Снег был рыхлый и влажный. Прижавшись щекой к мокрому стволу сосны, Маренн неотрывно смотрела на пустую дорогу внизу. С веток капало, она натянула на лоб капюшон белого маскировочного комбинезона. Сдернув перчатку, Раух взял ее за руку.
– Замерзла? – спросил шепотом.
– Нисколько, – ответила она, пожав его пальцы. – Не волнуйся за меня.
Сзади послышался скрип веток, потом глухой стук, кто-то упал в снег рядом со Скорцени.
– Герр оберштурмбаннфюрер, – услышала она громкий шепот Цилле. – Кортеж проехал третий поворот. Они приближаются. Через шесть минут будут здесь.
– Всем приготовиться! – приказал Скорцени, обернувшись.
Вскоре послышался шум моторов. Два «виллиса», окрашенных в блеклый оливковый цвет, выехали на горную дорогу. Их сопровождал грузовик с охраной.
– Приготовиться! – приказал Скорцени. – Как только они поравняются с нами, взрывай фугасы, – скомандовал Цилле.

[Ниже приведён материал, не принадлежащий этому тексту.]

(* In any run of the MT algorithm, if $t_1<t_2$ are two resampling times, then the witness trees satisfy $\hat\tau^{t_1}\neq\hat\tau^{t_2}$.
   Context: Variable-assignment setting: variables $X_1,\dots,X_n$ with finite value sets, independent under product distribution $\Omega$. A bad-event is a finite set $B$ of pairs $(i,j)$ with distinct first coordinates (the event $\bigwedge_{(i,j)\in B}X_i=j$); $\mathcal B$ is a finite set of bad-events. $(i,j)\sim(i',j')$ iff $i=i'$, $j\ne j'$; $z\sim B$ iff some $z'\in B$ has $z\sim z'$; $i\sim B$ iff $(i,j)\in B$ for some $j$. $Y\subseteq\mathcal B$ is orderable to $E$ if $Y=\{E\}$ or $Y=\{B_1,\dots,B_s\}$ (distinct) can be ordered so that each $i$ has $z_i\in E$ with $z_i\sim B_i$ and $z_i\not\sim B_1,\dots,B_{i-1}$. MT algorithm: draw all variables from $\Omega$; while some bad-event is true, choose a true one $B$ and resample all $X_i$, $i\sim B$, from $\Omega$. Witness trees: with execution log $B_1,\dots,B_T$ (the resampled bad-events in order), $\hat\tau^t$ is built by starting with a root labeled $B_t$ and processing $B_{t-1},\dots,B_1$: a bad-event $B'$ is eligible for a node $v$ labeled $B$ whose children have distinct labels $C_1,\dots,C_r$ if $B'\notin\{C_1,\dots,C_r\}$ and $\{C_1,\dots,C_r,B'\}$ is orderable to $B$; if $B_{t'}$ is eligible for some node, it is added as a child of a deepest eligible node (ties broken arbitrarily), otherwise discarded. Trees are compared as rooted labeled trees. *)

theory Defs
  imports "HOL-Probability.Probability_Mass_Function"
begin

– Слушаюсь, герр оберштурмбаннфюрер!
Минуты, казалось, тянулись очень долго. Наклонившись вперед, Маренн видела, как «виллисы» приближаются. Она даже могла различить лица солдат в грузовике. Трое из них были чернокожими. Они сидели друг напротив друга и, активно двигая мощными челюстями, жевали жвачку. Она даже различила, как на пухлых коричневых губах одного из них выступила слюна. «Жаль, что рейхсфюрер не разрешил включить в отряд негров, – подумала она иронически. – Мы бы гораздо больше походили на них. А так даже и жевать так, как они, у нас вряд ли получится. Настолько серьезно и сосредоточенно». Сверху на Маренн упало несколько комков снега. Она подняла голову. Пушистая серая белка уселась на ветку сосны прямо над ней и шелушила шишку. Как будто и не было войны – в полной безопасности.